Курт улыбнулся так, будто сказал не гадость, а комплимент.
Но Ноа решил-таки последовать его совету.
- Чувак, ты же понимаешь, что я все это съем? – указывая на коробку с вафлями, поинтересовался он. Курт ухмыльнулся.
- Еще бы.
Оказывается, с ним было можно поговорить. Когда Курт не старался казаться кем-то, кем он не был, не выделывался и не старался заговорить о моде, то он становился нормальным… ну ладно, с заскоками, но все же нормальным чуваком. Во всяком случае, у него было классное чувство юмора, а еще он все же объяснил Паку, что такое «фондю», «какелон», рассказал, что готовить на отца и на Финна, когда тот приходит в гости – особый вид садизма, потому что желудки у них просто бездонные. Пак тоже что-то рассказывал – но в основном он ржал над рожами Курта, когда тот изображал их очередного одноклассника, поэтому, если бы его спросили, что особенного он запомнил из той беседы, то он ответил бы «смех».
А еще спокойствие. И ощущение комфорта – совершенно неожиданное такое ощущение. Потому что давно ему уже не было уютно так, как на этой кухне, поедая вафли с шоколадом и слушая очередную историю про ляпнувших что-то на уроке Бриттани или Финна.
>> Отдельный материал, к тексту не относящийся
text \<open>Entries \<open>2, \<dots>, j - 1\<close> of \<open>\<psi>\<close> move one place to the left, so the chain of the sub-seed
  ends either with the chain of \<open>\<psi>\<close> or at the inserted missing element.\<close>
lemma height_sub_seed:
  assumes "height n \<psi> \<le> n - 4"
  shows "height n (sub_seed j) = min (height n \<psi> - 1) (j - 2)"
proof (rule height_eqI)
  let ?k = "height n \<psi>" and ?h = "min (height n \<psi> - 1) (j - 2)"
  have shift: "sub_seed j ! i = \<psi> ! (i + 1)" if "1 \<le> i" "i + 1 < j" for i
    using nth_sub_seed[of i] nth_ins[of "i + 1" j] that j_le by simp
  show "height_chain n (sub_seed j) ?h"
    unfolding height_chain_def
  proof (intro conjI allI impI)
    fix i assume i: "2 \<le> i \<and> i \<le> ?h"
    have "1 \<le> i - 1" "i - 1 + 1 < j" "i + 1 \<le> height n \<psi>" "i + 1 < j"
      using i j_ge_3 by auto
    then have "sub_seed j ! (i - 1) = \<psi> ! i" using shift[of "i - 1"] i by simp
    also have "\<psi> ! i = oplus1 n (\<psi> ! (i + 1))" using seed_chain[of "i + 1"] i \<open>i + 1 \<le> _\<close> by simp
    also have "\<psi> ! (i + 1) = sub_seed j ! i" using shift[of i] i \<open>i + 1 < j\<close> by simp
    finally show "sub_seed j ! (i - 1) = oplus1 n (sub_seed j ! i)" .
  qed (use height_ge_2 j_ge_3 assms in auto)
  show "sub_seed j ! ?h \<noteq> oplus1 n (sub_seed j ! Suc ?h)"
  proof (cases "?h + 2 < j")
    case True
    then have "?h = ?k - 1" by linarith
    then show ?thesis
      using shift[of ?h] shift[of "Suc ?h"] True height_ge_2 height_maximal[of n \<psi>] assms n_ge_5
      by simp
  next
    case False
    then have h: "?h = j - 2" "j - 1 \<le> height n \<psi>"
      using j_ge_3 height_ge_2 by (auto simp: min_def split: if_splits)
    have "sub_seed j ! (j - 2) = \<psi> ! (j - 2 + 1)" using shift[of "j - 2"] j_ge_3 by auto
    also have "j - 2 + 1 = j - 1" using j_ge_3 by simp
    finally have "sub_seed j ! (j - 2) = \<psi> ! (j - 1)" .
    moreover have "sub_seed j ! (j - 1) = ins j ! j"
      using nth_sub_seed[of "j - 1"] j_ge_3 j_le by simp
    moreover have "ins j ! j = mis n \<psi>" using nth_ins[of j j] j_le n_ge_5 by simp
    moreover have "\<psi> ! (j - 1) \<noteq> oplus1 n (mis n \<psi>)"
      using nth_seed_neq_oplus1_mis[of "j - 1"] h(2) j_ge_3 assms by simp
    moreover have "Suc (j - 2) = j - 1" using j_ge_3 by simp
    ultimately show ?thesis unfolding h(1) by simp
  qed
qed

end

end

section \<open>The words W_k\<close>

definition W_traverses :: "nat \<Rightarrow> nat \<Rightarrow> bool" where
  "W_traverses n k \<longleftrightarrow>
     (\<forall>s. is_seed n s \<and> height n s = k \<longrightarrow> walk (PATH n) (tilde n s) (W n k) (psi_last n s))"

context seed
begin

lemma walk_Sig_rotate_ins:
  assumes "2 \<le> j" "j \<le> n - 1" "a + c \<le> n"
    and "\<And>m. a \<le> m \<Longrightarrow> m < a + c \<Longrightarrow> (m + 1) mod n \<noteq> 1 \<and> (m + 1) mod n \<noteq> j"
  shows "walk (PATH n) (rotate a (ins j)) (replicate c Sig) (rotate (a + c) (ins j))"
proof -
  have "walk (PATH n) (rotate a (ins j)) (replicate c Sig) (rotate c (rotate a (ins j)))"
  proof (rule walk_replicate_Sig)
    show "rotate a (ins j) \<noteq> []" using length_ins[of j] assms(2) n_ge_5 by auto
    fix t assume "t < c"
    then show "(rotate t (rotate a (ins j)), Sig, sig (rotate t (rotate a (ins j)))) \<in> PATH n"
      using Sig_edge_at_rotate_ins[of j "t + a"] assms by (simp add: rotate_rotate)
  qed
  then show ?thesis by (simp add: rotate_rotate add.commute)
qed

context
  assumes IH: "\<And>d. 1 \<le> d \<Longrightarrow> d < height n \<psi> \<Longrightarrow> W_traverses n d"
    and height_le: "height n \<psi> \<le> n - 4"
begin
- Ты как ребенок. – улыбается Курт.
Ноа одергивает себя, когда обнаруживает, что пялится на его губы. Это все из-за того, что они будто блеском намазаны – не бывает ж такого цвета.
- А что такое? – после заминки, смаргивая наваждение, подозрительно спрашивает Пак.
- Да ты себя видел? Весь в шоколаде. Я сейчас дам тебе полотенце, лицо вытрешь.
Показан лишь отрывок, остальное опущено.